Perhaps the first thing one notices is the absolutely horrible mixing and production quality. This is nothing new for Dream Theater, as many of their recent albums have been brick- walled to death. The mixing is uncharacteristically horrible as well, with the vocals being buried in the mix in favor of guitar. While the drums have gotten a slight boost in the mix, the tone is atrociously bad, lacking any kind of intensity and punch.

Besides the production, the album falls apart musically as well. The best way to describe it is, well, amateurish and lazy. I sense as if there was no self-control when putting this album together, as it seems as though any riff or other musical bit they thought of was used and deemed as good enough.

Besides this, the musical structures are unimaginative, and hardly deviate from the standard verse-chorus format, especially 'The Enemy Inside' and 'Along For the Ride.' The same is true with 'The Looking Glass' (though I do appreciate the Rush-inspired opening), 'The Bigger Picture,' 'Behind the Veil' and 'Surrender to Reason,' all of which offer nothing new musically.

This leaves us with just the opening 'False Awakening Suite,' the instrumental 'Enigma Machine,' and the epic 'Illumination Theory.' Despite being the only strong points of the album, they all lack a sort of cohesion, and are mostly uninspired.

Oddly, of these, the strongest is probably the 'False Awakening Suite.' Its concise nature and intense cinematic approach make this enjoyable.

The band has had some success with instrumentals in the past, but 'The Enigma Machine' is pretty sloppy. The main riff is amateurish, and the rest is just an unimaginative mesh of riffs and solos.

This brings us to the epic, which always seems to be the high point of any Dream Theater album which contains one. Right off the bat your hit with a beautiful Tchaikovsky-esque strings melody that serves as the main theme of the song. Following is some standard DT instrumental work. However, this is where it starts to lose any sort of cohesiveness. The ambient section, while short, is unnecessary and disrupts the flow of the song. The subsequent string section has an inspiring feel, and is certainly the high point of the entire album, but it is nothing you wouldn't hear in any motion picture. And of course, without any real transition, we're right back to the instrumental madness which continues until a predictably dramatic, yet strong LaBrie performance concludes the epic. A good song overall, with some strong and weak points, but it isn't nearly on the same level of their past epics.

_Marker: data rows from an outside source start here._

definition grid_point :: "nat \<Rightarrow> nat \<Rightarrow> nat \<Rightarrow> nat \<Rightarrow> nat \<Rightarrow> nat" where
  "grid_point W D j s t = (t * (D + 1) + j) * W + (s + t) mod W"

lemma grid_point_div: "0 < W \<Longrightarrow> grid_point W D j s t div W = t * (D + 1) + j"
  unfolding grid_point_def by simp

lemma grid_point_mod: "0 < W \<Longrightarrow> grid_point W D j s t mod W = (s + t) mod W"
  unfolding grid_point_def by simp

lemma grid_point_inj:
  assumes "0 < W" and "j \<le> D" "s < W" and "j' \<le> D" "s' < W"
    and "grid_point W D j s t = grid_point W D j' s' t'"
  shows "j = j' \<and> s = s' \<and> t = t'"
proof -
  have levels: "t * (D + 1) + j = t' * (D + 1) + j'"
    using arg_cong[OF assms(6), of "\<lambda>n. n div W"] \<open>0 < W\<close> by (simp add: grid_point_div)
  have level_div: "(u * (D + 1) + i) div (D + 1) = u" if "i \<le> D" for u i
    using that by (metis Suc_eq_plus1 add.commute add_cancel_left_right div_less
      div_mult_self1 less_eq_iff_succ_less nat.simps(3))
  have "t = t'"
    using level_div[OF \<open>j \<le> D\<close>, of t] level_div[OF \<open>j' \<le> D\<close>, of t'] levels by simp
  moreover have "(s + t) mod W = (s' + t) mod W"
    using arg_cong[OF assms(6), of "\<lambda>n. n mod W"] \<open>0 < W\<close> \<open>t = t'\<close> by (simp add: grid_point_mod)
  with \<open>s < W\<close> \<open>s' < W\<close> have "s = s'" by (rule mod_add_right_cancel_less)
  ultimately show ?thesis using levels by simp
qed

lemma grid_point_less:
  assumes "0 < W" and "j \<le> D" and "t \<le> D - j"
  shows "grid_point W D j s t < (D + 1) * (D + 1) * W"
proof -
  have "t * (D + 1) + j \<le> (t + j) * (D + 1)"
    by (simp add: algebra_simps)
  also have "\<dots> \<le> D * (D + 1)"
    using assms(2,3) by (intro mult_right_mono) auto
  also have "\<dots> < (D + 1) * (D + 1)"
    by simp
  finally have "t * (D + 1) + j + 1 \<le> (D + 1) * (D + 1)"
    by simp
  then have "(t * (D + 1) + j + 1) * W \<le> (D + 1) * (D + 1) * W"
    by (rule mult_right_mono) simp
  moreover have "grid_point W D j s t < (t * (D + 1) + j + 1) * W"
    using mod_less_divisor[OF \<open>0 < W\<close>, of "s + t"] by (simp add: grid_point_def)
  ultimately show ?thesis by linarith
qed

lemma grid_points_comparable:
  assumes "0 < W"
  shows "comparable (column_le W D) (grid_point W D j s t) (grid_point W D j s t')"
proof -
  consider "t = t'" | "t + 1 \<le> t'" | "t' + 1 \<le> t" by linarith
  then show ?thesis
  proof cases
    case 2
    then have "(t + 1) * (D + 1) \<le> t' * (D + 1)" by (intro mult_right_mono) auto
    then show ?thesis using assms by (simp add: comparable_def column_le_def grid_point_div)
  next
    case 3
    then have "(t' + 1) * (D + 1) \<le> t * (D + 1)" by (intro mult_right_mono) auto
    then show ?thesis using assms by (simp add: comparable_def column_le_def grid_point_div)
  qed (simp add: comparable_def column_le_def)
qed

text \<open>If the \<open>t\<close>-th points of both blocks share a column, then \<open>s' = s\<close> and \<open>j' < j\<close>, so the
  \<open>(t + 1)\<close>-th point of block \<open>(j', s')\<close> moves to the next column yet stays within \<open>D\<close> levels.\<close>

lemma grid_point_incomparable_to_earlier_block:
  assumes "2 \<le> W" and "j \<le> D" and "s < W" "s' < W" and "t \<le> D - j"
    and earlier: "j' < j \<or> (j' = j \<and> s' \<noteq> s)"
  shows "\<exists>t' \<le> D - j'. \<not> comparable (column_le W D) (grid_point W D j' s' t') (grid_point W D j s t)"
proof -
  have "0 < W" using \<open>2 \<le> W\<close> by simp
  have incomparable_iff: "\<not> comparable (column_le W D) (grid_point W D j' s' t') (grid_point W D j s t)
      \<longleftrightarrow> (s' + t') mod W \<noteq> (s + t) mod W \<and> t' * (D + 1) + j' \<le> t * (D + 1) + j + D
          \<and> t * (D + 1) + j \<le> t' * (D + 1) + j' + D" for t'
    using \<open>0 < W\<close> by (simp add: incomparable_column_le_iff grid_point_div grid_point_mod)
  show ?thesis
  proof (cases "(s' + t) mod W = (s + t) mod W")
    case False
    with earlier assms show ?thesis by (intro exI[of _ t]) (auto simp: incomparable_iff)
  next
    case True
    with \<open>s' < W\<close> \<open>s < W\<close> have "s' = s" by (rule mod_add_right_cancel_less)
    with earlier have "j' < j" by simp
    have "(s' + (t + 1)) mod W \<noteq> (s + t) mod W"
      using True \<open>2 \<le> W\<close> by (simp add: mod_Suc)
    with \<open>j' < j\<close> assms show ?thesis
      by (intro exI[of _ "t + 1"]) (auto simp: incomparable_iff)
  qed
qed

text \<open>Block \<open>c\<close> is block \<open>(j, s) = (c div (W - 1), c mod (W - 1))\<close>, so blocks are presented in
  lexicographic order of \<open>(j, s)\<close>.\<close>

definition ff_block :: "nat \<Rightarrow> nat \<Rightarrow> nat \<Rightarrow> nat list" where
  "ff_block W D c = map (grid_point W D (c div (W - 1)) (c mod (W - 1))) [0..<D - c div (W - 1) + 1]"

definition ff_order :: "nat \<Rightarrow> nat \<Rightarrow> nat list" where
  "ff_order W D = concat (map (ff_block W D) [0..<(D + 1) * (W - 1)])"

lemma mem_ff_block_iff:
  "v \<in> set (ff_block W D c) \<longleftrightarrow>
     (\<exists>t \<le> D - c div (W - 1). v = grid_point W D (c div (W - 1)) (c mod (W - 1)) t)"
  unfolding ff_block_def set_map set_upt by (force simp: less_Suc_eq_le)

lemma block_index_bounds:
  assumes "2 \<le> W" and "c < (D + 1) * (W - 1)"
  shows "c div (W - 1) \<le> (D :: nat)" and "c mod (W - 1) < W"
proof -
  show "c div (W - 1) \<le> D"
    using less_mult_imp_div_less[of c "D + 1" "W - 1"] assms by (simp add: mult.commute)
  show "c mod (W - 1) < W"
    using mod_less_divisor[of "W - 1" c] assms by linarith
qed

lemma less_imp_div_less_or_mod_neq:
  assumes "(c' :: nat) < c"
  shows "c' div q < c div q \<or> (c' div q = c div q \<and> c' mod q \<noteq> c mod q)"
  using assms div_le_mono[of c' c q] div_mod_eq_imp_eq[of c' q c] by fastforce

lemma length_first_fit_ff_order:
  assumes "2 \<le> W"
  shows "length (first_fit (column_le W D) (ff_order W D)) = (D + 1) * (W - 1)"
proof -
  have "first_fit (column_le W D) (ff_order W D) = map (set \<circ> ff_block W D) [0..<(D + 1) * (W - 1)]"
    unfolding ff_order_def
  proof (rule first_fit_concat_blocks)
    show "is_chain (column_le W D) (set (ff_block W D c))" for c
      using assms by (auto simp: is_chain_def mem_ff_block_iff grid_points_comparable)
  next
    fix c c' v
    assume c: "c < (D + 1) * (W - 1)" "c' < c" and "v \<in> set (ff_block W D c)"
    then obtain t where t: "t \<le> D - c div (W - 1)" "v = grid_point W D (c div (W - 1)) (c mod (W - 1)) t"
      by (auto simp: mem_ff_block_iff)
    have "c' < (D + 1) * (W - 1)" using c by simp
    then obtain t' where "t' \<le> D - c' div (W - 1)"
      and "\<not> comparable (column_le W D) (grid_point W D (c' div (W - 1)) (c' mod (W - 1)) t') v"
      using grid_point_incomparable_to_earlier_block[OF assms block_index_bounds[OF assms c(1)]
          block_index_bounds(2)[OF assms] t(1) less_imp_div_less_or_mod_neq[OF c(2)]] t(2)
      by blast
    then show "\<exists>u\<in>set (ff_block W D c'). \<not> comparable (column_le W D) u v"
      using mem_ff_block_iff[of _ W D c'] by blast
  next
    show "ff_block W D c \<noteq> []" for c by (simp add: ff_block_def)
  qed
  then show ?thesis by (simp only: length_map length_upt diff_zero)
qed

lemma distinct_ff_order:
  assumes "2 \<le> W"
  shows "distinct (ff_order W D)"
  unfolding ff_order_def
proof (rule distinct_concat_blocks)
  fix c assume "c < (D + 1) * (W - 1)"
  note bounds = block_index_bounds[OF assms this]
  have "inj_on (grid_point W D (c div (W - 1)) (c mod (W - 1))) UNIV"
  proof (rule inj_onI)
    fix t t' assume "grid_point W D (c div (W - 1)) (c mod (W - 1)) t
        = grid_point W D (c div (W - 1)) (c mod (W - 1)) t'"
    from grid_point_inj[OF _ bounds bounds this] assms
    show "t = t'" by linarith
  qed
  then show "distinct (ff_block W D c)"
    unfolding ff_block_def distinct_map using distinct_upt inj_on_subset by blast
next
  fix c c' x
  assume c: "c < (D + 1) * (W - 1)" "c' < (D + 1) * (W - 1)"
    and "x \<in> set (ff_block W D c)" "x \<in> set (ff_block W D c')"
  then obtain t t' where "grid_point W D (c div (W - 1)) (c mod (W - 1)) t
      = grid_point W D (c' div (W - 1)) (c' mod (W - 1)) t'"
    unfolding mem_ff_block_iff by metis
  from grid_point_inj[OF _ block_index_bounds[OF assms c(1)] block_index_bounds[OF assms c(2)] this] assms
  have "c div (W - 1) = c' div (W - 1)" and "c mod (W - 1) = c' mod (W - 1)"
    by simp_all
  then show "c = c'" by (rule div_mod_eq_imp_eq)
qed

lemma set_ff_order_subset:
  assumes "2 \<le> W"
  shows "set (ff_order W D) \<subseteq> {..<(D + 1) * (D + 1) * W}"
  using grid_point_less block_index_bounds[OF assms] assms
  by (auto simp: ff_order_def mem_ff_block_iff)

theorem theorem6:
  fixes k w :: nat
  assumes "k \<ge> 2" and "w \<ge> 2"
  shows "\<exists>(P :: nat set) (le :: nat \<Rightarrow> nat \<Rightarrow> bool) (xs :: nat list).
           finite P \<and> poset_on P le \<and> width P le = w \<and> \<not> contains_kk P le k \<and>
           distinct xs \<and> set xs = P \<and>
           length (first_fit le xs) \<ge> (k - 1) * (w - 1)"
proof -
  define D where "D = k - 2"
  define P where "P = {..<(D + 1) * (D + 1) * w}"
  define xs where "xs = ff_order w D @ filter (\<lambda>n. n \<notin> set (ff_order w D)) [0..<(D + 1) * (D + 1) * w]"
  have "set xs = P" and "distinct xs"
    using set_ff_order_subset[OF \<open>w \<ge> 2\<close>] distinct_ff_order[OF \<open>w \<ge> 2\<close>]
    by (auto simp: xs_def P_def)
  have "k - 1 = D + 1" using \<open>k \<ge> 2\<close> by (simp add: D_def)
  then have "(k - 1) * (w - 1) = length (first_fit (column_le w D) (ff_order w D))"
    using length_first_fit_ff_order[OF \<open>w \<ge> 2\<close>] by simp
  also have "\<dots> \<le> length (first_fit (column_le w D) xs)"
    unfolding xs_def by (rule length_first_fit_append_ge)
  finally have "(k - 1) * (w - 1) \<le> length (first_fit (column_le w D) xs)" .
  moreover have "width P (column_le w D) = w"
    using width_column_le[of w "(D + 1) * (D + 1)" D] \<open>w \<ge> 2\<close> by (simp add: P_def)
  moreover have "\<not> contains_kk P (column_le w D) k"
    using \<open>k \<ge> 2\<close> by (intro not_contains_kk_column_le) (simp add: D_def)
  ultimately show ?thesis
    using \<open>set xs = P\<close> \<open>distinct xs\<close> poset_on_column_le unfolding P_def by blast
qed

If I have been harsh on this album it is for good reason, as I truly know what Dream Theater is capable of, as has been exemplified with masterpieces such as Images an Words or Scenes From a Memory, and even as recent as their previous album. But the songwriting is just too bland on this one. This heavier and more mainstream approach does not suit the band well, as they were always at their best when perfectly mixing melody, intensity, and complexity. But no band can stay great forever; every group loses their creative spark, and maybe this is that album, or maybe not. Regardless, the fact remains that the innovative and inspirational sound that graced their preceding albums is missing. And as such, I do not believe the album justifies the branding of the name Dream Theater.